The Las Vegas attorney said, “These people were vulnerable to begin with and things got much worse for them. Their meager little Social Security check is now being spent on slot machines or whatever, so it’s pretty sad.”
The Nevadans pushing the lawsuit are seeking compensation for damages for the gambling losses that were sustained while the plaintiffs were using Abilify.
2016 USDA Changes
January of 2016, the USDA finally put the warning on the drugs label lead to “compulsive or uncontrollable urges to gamble, binge eat, shop, and have sex.”
By the time the company finally added that warning, many Abilify users had lost millions of dollars while getting in gambling binges at brick-and-mortar casinos, on lottery tickets, and in online gambling – according to hundreds of Abilify-related court filings.

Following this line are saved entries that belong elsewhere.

definition int_dot :: "int^'d::finite \<Rightarrow> real^'d \<Rightarrow> real" where
  "int_dot m x = (\<Sum>i\<in>UNIV. of_int (m $ i) * x $ i)"

definition fourier_coeff :: "(real^'d::finite \<Rightarrow> complex) \<Rightarrow> int^'d \<Rightarrow> complex" where
  "fourier_coeff f m = complex_of_real ((2 * pi) powr (- real CARD('d))) *
     torus_integral (\<lambda>x. f x * cis (- int_dot m x))"

definition int_norm2 :: "int^'d::finite \<Rightarrow> real" where
  "int_norm2 m = (\<Sum>i\<in>UNIV. real_of_int (m $ i) ^ 2)"

definition H1_weight_sum :: "(real^'d::finite \<Rightarrow> complex) \<Rightarrow> int^'d \<Rightarrow> real" where
  "H1_weight_sum f m = (1 + int_norm2 m) * (cmod (fourier_coeff f m))\<^sup>2"

definition in_H1 :: "(real^'d::finite \<Rightarrow> complex) \<Rightarrow> bool" where
  "in_H1 f \<longleftrightarrow> periodic_fun f \<and> f \<in> borel_measurable (lebesgue_on torus_cube)
     \<and> integrable (lebesgue_on torus_cube) (\<lambda>x. (cmod (f x))\<^sup>2)
     \<and> (H1_weight_sum f) summable_on UNIV"

definition H1_norm :: "(real^'d::finite \<Rightarrow> complex) \<Rightarrow> real" where
  "H1_norm f = sqrt (infsum (H1_weight_sum f) UNIV)"

definition fourier_Rn :: "(real^'n::finite \<Rightarrow> real) \<Rightarrow> real^'n \<Rightarrow> complex" where
  "fourier_Rn \<phi> \<xi> = integral\<^sup>L lborel (\<lambda>z. complex_of_real (\<phi> z) * cis (- (\<xi> \<bullet> z)))"

definition kappa :: "(real^'n::finite \<Rightarrow> real) \<Rightarrow> real" where
  "kappa \<sigma> = (2 * pi) powr (- real CARD('n)) *
     integral\<^sup>L lborel (\<lambda>\<xi>. (cmod (fourier_Rn \<sigma> \<xi>))\<^sup>2 / (norm \<xi>)\<^sup>2)"

end

theory Submission
  imports Defs
begin

text \<open>
  In Fourier variables the equation couples only the modes \<open>z = \<hat>w m\<close> and
  \<open>y = cnj (\<hat>w (- m))\<close>, because \<open>Re w\<close> has coefficients \<open>(\<hat>w m + cnj (\<hat>w (- m))) / 2\<close>:
  \<open>z' = - \<i> ((a + \<mu>) z - b (z + y))\<close>, \<open>y' = \<i> ((a - \<mu>) y - b (y + z))\<close> with
  \<open>a = \<bar>m\<bar>\<^sup>2 / 2\<close>, \<open>\<mu> = m \<bullet> k\<close> and \<open>b = \<gamma>\<^sup>2 \<kappa> ((2 \<pi>)\<^sup>d \<hat>\<sigma>1 m)\<^sup>2\<close>, which is real since \<open>\<sigma>1\<close> is even.
  The form \<open>(a - b) (\<bar>z\<bar>\<^sup>2 + \<bar>y\<bar>\<^sup>2) - 2 b Re (z * cnj y)\<close> is conserved. As
  \<open>(2 \<pi>)\<^sup>d \<bar>\<hat>\<sigma>1 m\<bar> \<le> \<parallel>\<sigma>1\<parallel>\<^sub>L\<^sub>1\<close>, the smallness assumption gives
  \<open>4 \<bar>b\<bar> \<le> \<theta> = 4 \<gamma>\<^sup>2 \<kappa> \<parallel>\<sigma>1\<parallel>\<^sub>L\<^sub>1\<^sup>2 < 1\<close>, so for
  \<open>m \<noteq> 0\<close> (where \<open>a \<ge> 1/2\<close>) this form is equivalent to \<open>\<bar>z\<bar>\<^sup>2 + \<bar>y\<bar>\<^sup>2\<close> uniformly in \<open>m\<close>, and
  the pair keeps at most \<open>(1 + \<theta>) / (1 - \<theta>)\<close> times its initial size. The mean \<open>\<hat>w 0\<close>
  stays zero. Summing with the weights \<open>1 + \<bar>m\<bar>\<^sup>2\<close> bounds the \<open>H\<^sup>1\<close> norm.
\<close>

lemma periodic_fun_translate:
  assumes "periodic_fun f"
  shows "periodic_fun (\<lambda>x. f (x + c))"
  using assms unfolding periodic_fun_def by (metis add.commute add.left_commute)

lemma periodic_fun_reflect:
  assumes "periodic_fun f"
  shows "periodic_fun (\<lambda>x. f (- x))"
  unfolding periodic_fun_def
proof (intro allI)
  fix x i
  show "f (- (x + (2 * pi) *\<^sub>R axis i 1)) = f (- x)"
    using assms[unfolded periodic_fun_def, rule_format, of "- (x + (2 * pi) *\<^sub>R axis i 1)" i]
    by simp
qed

lemma periodic_fun_compose:
  assumes "periodic_fun f"
  shows "periodic_fun (\<lambda>x. g (f x))"
  using assms unfolding periodic_fun_def by simp

lemma periodic_fun_mult:
  fixes f g :: "real^'d::finite \<Rightarrow> 'a::times"
  assumes "periodic_fun f" "periodic_fun g"
  shows "periodic_fun (\<lambda>x. f x * g x)"
  using assms unfolding periodic_fun_def by simp

lemma periodic_fun_shift_int_axis:
  assumes "periodic_fun f"
  shows "f (x + (2 * pi * of_int k) *\<^sub>R axis i 1) = f x"
proof (induction k rule: int_induct[where k = 0])
  case base
  show ?case by simp
next
  case (step1 k)
  have "f (x + (2 * pi * of_int (k + 1)) *\<^sub>R axis i 1)
      = f (x + (2 * pi * of_int k) *\<^sub>R axis i 1 + (2 * pi) *\<^sub>R axis i 1)"
    by (simp add: algebra_simps)
  with assms step1.IH show ?case unfolding periodic_fun_def by simp
next
  case (step2 k)
  have "f (x + (2 * pi * of_int k) *\<^sub>R axis i 1)
      = f (x + (2 * pi * of_int (k - 1)) *\<^sub>R axis i 1 + (2 * pi) *\<^sub>R axis i 1)"
    by (simp add: algebra_simps)
  with assms step2.IH show ?case unfolding periodic_fun_def by simp
qed

lemma periodic_fun_shift_lattice:
  fixes x :: "real^'d::finite"
  assumes "periodic_fun f"
  shows "f (x + (\<chi> i. 2 * pi * of_int (k i))) = f x"
proof -
  have "f (x + (\<chi> i. if i \<in> S then 2 * pi * of_int (k i) else 0)) = f x" if "finite S" for S
    using that
  proof (induction S arbitrary: x)
    case empty
    show ?case by (simp add: zero_vec_def[symmetric])
  next
    case (insert j S)
    have "(\<chi> i. if i \<in> insert j S then 2 * pi * of_int (k i) else 0)
        = (\<chi> i. if i \<in> S then 2 * pi * of_int (k i) else 0) + (2 * pi * of_int (k j)) *\<^sub>R axis j 1"
      using insert.hyps by (auto simp: vec_eq_iff axis_def)
    then show ?case
      using periodic_fun_shift_int_axis[OF assms] insert.IH by (simp add: add.assoc[symmetric])
  qed
  from this[of UNIV] show ?thesis by simp
qed

lemma exists_lattice_shift_to_fundamental_domain:
  fixes x :: "real^'d::finite"
  obtains k :: "'d \<Rightarrow> int"
  where "\<And>i. - pi < (x - (\<chi> i. 2 * pi * of_int (k i))) $ i"
    and "\<And>i. (x - (\<chi> i. 2 * pi * of_int (k i))) $ i \<le> pi"
proof
  fix i
  let ?c = "\<lceil>(x $ i - pi) / (2 * pi)\<rceil>"
  have "(x $ i - pi) / (2 * pi) \<le> of_int ?c"
    by linarith
  from mult_right_mono[OF this, of "2 * pi"]
  have "x $ i - pi \<le> of_int ?c * (2 * pi)"
    by simp
  moreover have "of_int ?c - 1 < (x $ i - pi) / (2 * pi)"
    by linarith
  from mult_strict_right_mono[OF this, of "2 * pi"]
  have "(of_int ?c - 1) * (2 * pi) < x $ i - pi"
    by simp
  ultimately show "- pi < (x - (\<chi> i. 2 * pi * of_int \<lceil>(x $ i - pi) / (2 * pi)\<rceil>)) $ i"
    and "(x - (\<chi> i. 2 * pi * of_int \<lceil>(x $ i - pi) / (2 * pi)\<rceil>)) $ i \<le> pi"
    by (simp_all add: algebra_simps)
qed

lemma periodic_continuous_bounded:
  fixes f :: "real^'d::finite \<Rightarrow> real"
  assumes per: "periodic_fun f" and cont: "continuous_on UNIV f"
  obtains B where "\<And>x. \<bar>f x\<bar> \<le> B"
proof -
  let ?D = "cbox (- (\<chi> i. pi)) (\<chi> i. pi) :: (real^'d) set"
  have "compact (f ` ?D)"
    by (rule compact_continuous_image[OF continuous_on_subset[OF cont] compact_cbox]) simp
  then obtain B where B: "\<forall>y \<in> f ` ?D. norm y \<le> B"
    using compact_imp_bounded bounded_iff by metis
  have "\<bar>f x\<bar> \<le> B" for x
  proof -
    obtain k where "\<And>i. - pi < (x - (\<chi> i. 2 * pi * of_int (k i))) $ i"
      and "\<And>i. (x - (\<chi> i. 2 * pi * of_int (k i))) $ i \<le> pi"
      using exists_lattice_shift_to_fundamental_domain[of x] by blast
    then have "x - (\<chi> i. 2 * pi * of_int (k i)) \<in> ?D"
      by (auto simp: mem_box_cart less_imp_le)
    with B periodic_fun_shift_lattice[OF per, of "x - (\<chi> i. 2 * pi * of_int (k i))" k]
    show ?thesis by force
  qed
  then show ?thesis by (rule that)
qed

lemma abs_eq_of_sum_in_2pi_lattice:
  fixes y z :: real
  assumes "- pi < y" "y \<le> pi" "- pi < z" "z \<le> pi" and sum: "y + z = 2 * pi * of_int s"
  shows "\<bar>y\<bar> = \<bar>z\<bar>"
proof -
  have "pi * of_int s \<le> pi * 1" "pi * (-1) < pi * of_int s"
    using assms by linarith+
  then have "s \<le> 1" "-1 < s"
    using mult_le_cancel_left_pos[OF pi_gt_zero] mult_less_cancel_left_pos[OF pi_gt_zero]
    by (metis of_int_le_iff of_int_1, metis of_int_less_iff of_int_minus of_int_1)
  then have "s = 0 \<or> s = 1"
    by linarith
  then show ?thesis
    using assms by (auto simp: abs_if)
qed

lemma torus_radial_even:
  fixes f :: "real^'d::finite \<Rightarrow> real"
  assumes per: "periodic_fun f" and rad: "torus_radial f"
  shows "f (- x) = f x"
proof -
  obtain k where k: "\<And>i. - pi < (x - (\<chi> i. 2 * pi * of_int (k i))) $ i"
    "\<And>i. (x - (\<chi> i. 2 * pi * of_int (k i))) $ i \<le> pi"
    using exists_lattice_shift_to_fundamental_domain[of x] by blast
  obtain k' where k': "\<And>i. - pi < (- x - (\<chi> i. 2 * pi * of_int (k' i))) $ i"
    "\<And>i. (- x - (\<chi> i. 2 * pi * of_int (k' i))) $ i \<le> pi"
    using exists_lattice_shift_to_fundamental_domain[of "- x"] by blast
  define y where "y = x - (\<chi> i. 2 * pi * of_int (k i))"
  define z where "z = - x - (\<chi> i. 2 * pi * of_int (k' i))"
  have "\<bar>y $ i\<bar> = \<bar>z $ i\<bar>" for i
    by (rule abs_eq_of_sum_in_2pi_lattice[where s = "- k i - k' i"])
      (use k k' in \<open>auto simp: y_def z_def algebra_simps\<close>)
  then have "norm y = norm z"
    by (simp add: norm_vec_def L2_set_def)
  then have "f y = f z"
    using rad k k' unfolding torus_radial_def y_def z_def by blast
  moreover have "f y = f x" "f z = f (- x)"
    unfolding y_def z_def using periodic_fun_shift_lattice[OF per] by (metis diff_add_cancel)+
  ultimately show ?thesis by simp
qed

section \<open>Invariance of the torus integral\<close>

lemma has_integral_split_cart:
  fixes f :: "real^'d::finite \<Rightarrow> 'b::real_normed_vector"
  assumes "(f has_integral I) (cbox a b \<inter> {x. x $ i \<le> c})"
    and "(f has_integral J) (cbox a b \<inter> {x. x $ i \<ge> c})"
  shows "(f has_integral (I + J)) (cbox a b)"
  using has_integral_split[of f I a b "axis i 1" c J] assms by (simp add: inner_axis)

lemma has_integral_periodic_shift_axis_within_period:
  fixes f :: "real^'d::finite \<Rightarrow> 'b::banach"
  assumes per: "\<And>x. f (x + (2 * pi) *\<^sub>R axis i 1) = f x"
    and I: "(f has_integral I) (cbox 0 (\<chi> j. 2 * pi))"
    and t: "0 \<le> t" "t \<le> 2 * pi"
  shows "((\<lambda>x. f (x + t *\<^sub>R axis i 1)) has_integral I) (cbox 0 (\<chi> j. 2 * pi))"
proof -
  \<comment> \<open>Cutting the cube at \<open>x $ i = 2 * pi - t\<close>, the shifted pieces are the pieces cut at \<open>x $ i = t\<close>.\<close>
  let ?T = "(\<chi> j. 2 * pi) :: real^'d"
  let ?e = "axis i 1 :: real^'d"
  have lo: "cbox 0 ?T \<inter> {x. x $ i \<le> c} = cbox 0 (\<chi> j. if j = i then c else 2 * pi)"
    and hi: "cbox 0 ?T \<inter> {x. c \<le> x $ i} = cbox (\<chi> j. if j = i then c else 0) ?T"
    if "0 \<le> c" "c \<le> 2 * pi" for c
    using that by (auto simp: mem_box_cart split: if_split_asm) (metis order_trans)+
  have "f integrable_on cbox 0 ?T"
    using I by blast
  then obtain I1 I2 where I1: "(f has_integral I1) (cbox 0 ?T \<inter> {x. x $ i \<le> t})"
    and I2: "(f has_integral I2) (cbox 0 ?T \<inter> {x. t \<le> x $ i})"
    using integrable_split[of f 0 ?T ?e t] by (auto simp: inner_axis)
  have "I = I1 + I2"
    using has_integral_split_cart[OF I1 I2] I has_integral_unique by blast
  have "0 + t *\<^sub>R ?e = (\<chi> j. if j = i then t else 0)"
    "(\<chi> j. if j = i then 2 * pi - t else 2 * pi) + t *\<^sub>R ?e = ?T"
    by (simp_all add: vec_eq_iff axis_def)
  with I2 hi[OF t]
  have "(f has_integral I2) (cbox (0 + t *\<^sub>R ?e) ((\<chi> j. if j = i then 2 * pi - t else 2 * pi) + t *\<^sub>R ?e))"
    by simp
  then have J2: "((\<lambda>x. f (x + t *\<^sub>R ?e)) has_integral I2) (cbox 0 ?T \<inter> {x. x $ i \<le> 2 * pi - t})"
    using lo[of "2 * pi - t"] t unfolding has_integral_shift_cbox_iff[symmetric]
    by (simp add: o_def add.commute)
  have "(\<chi> j. if j = i then 2 * pi - t else 0) + (t - 2 * pi) *\<^sub>R ?e = 0"
    "?T + (t - 2 * pi) *\<^sub>R ?e = (\<chi> j. if j = i then t else 2 * pi)"
    by (simp_all add: vec_eq_iff axis_def)
  with I1 lo[OF t] have "(f has_integral I1)
      (cbox ((\<chi> j. if j = i then 2 * pi - t else 0) + (t - 2 * pi) *\<^sub>R ?e) (?T + (t - 2 * pi) *\<^sub>R ?e))"
    by simp
  then have "((\<lambda>x. f (x + (t - 2 * pi) *\<^sub>R ?e)) has_integral I1) (cbox 0 ?T \<inter> {x. 2 * pi - t \<le> x $ i})"
    using hi[of "2 * pi - t"] t unfolding has_integral_shift_cbox_iff[symmetric]
    by (simp add: o_def add.commute)
  moreover have "f (x + (t - 2 * pi) *\<^sub>R ?e) = f (x + t *\<^sub>R ?e)" for x
    using per[of "x + (t - 2 * pi) *\<^sub>R ?e"] by (simp add: algebra_simps)
  ultimately have J1: "((\<lambda>x. f (x + t *\<^sub>R ?e)) has_integral I1) (cbox 0 ?T \<inter> {x. 2 * pi - t \<le> x $ i})"
    by simp
  show ?thesis
    using has_integral_split_cart[OF J2 J1] \<open>I = I1 + I2\<close> by (simp add: add.commute)
qed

Non-Gaming Abilify Lawsuits
Though many of the cases filed have to do with compulsive gambling, a few of horrifying ones do not. In several cases, a combination of wage losses, overspending, and hypersexuality led Abilify patients to a life of prostitution. Others were even estranged from their families, due to their unexplained new habits and addictions.
For patients who might have dealt with bipolar disorder and schizophrenia before, family members did not see the new warning signs. In some cases where people held prominent positions, sudden impulsive behavior ruined finances and destroyed a lifetime of built-up trust.
$5.45 Billion Per Year in Abilify Sales
The FDA now warns doctors to “closely monitor” their patients using the drug. The FDA now warns doctors to prescribe other drugs, if possible. The 2016 warning label now warns doctors and patients of the dangers, while reminding “patients and caregivers [to be] aware of the risk of these uncontrollable urges”.
Bristol-Myers Squibb is reluctant to stop the production of Abilify. The company admits that Abilify is its largest money-maker. In 2014 alone, the drug brought in $5.45 billion in sales. In 2016, following the label change, the company agreed to pay millions in settlements spanning over 42 different states and the District of Columbia. Bristol-Myers Squibb said in a press release at the time it intends “[to] resolve claims it engaged in unfair or deceptive trade practices”.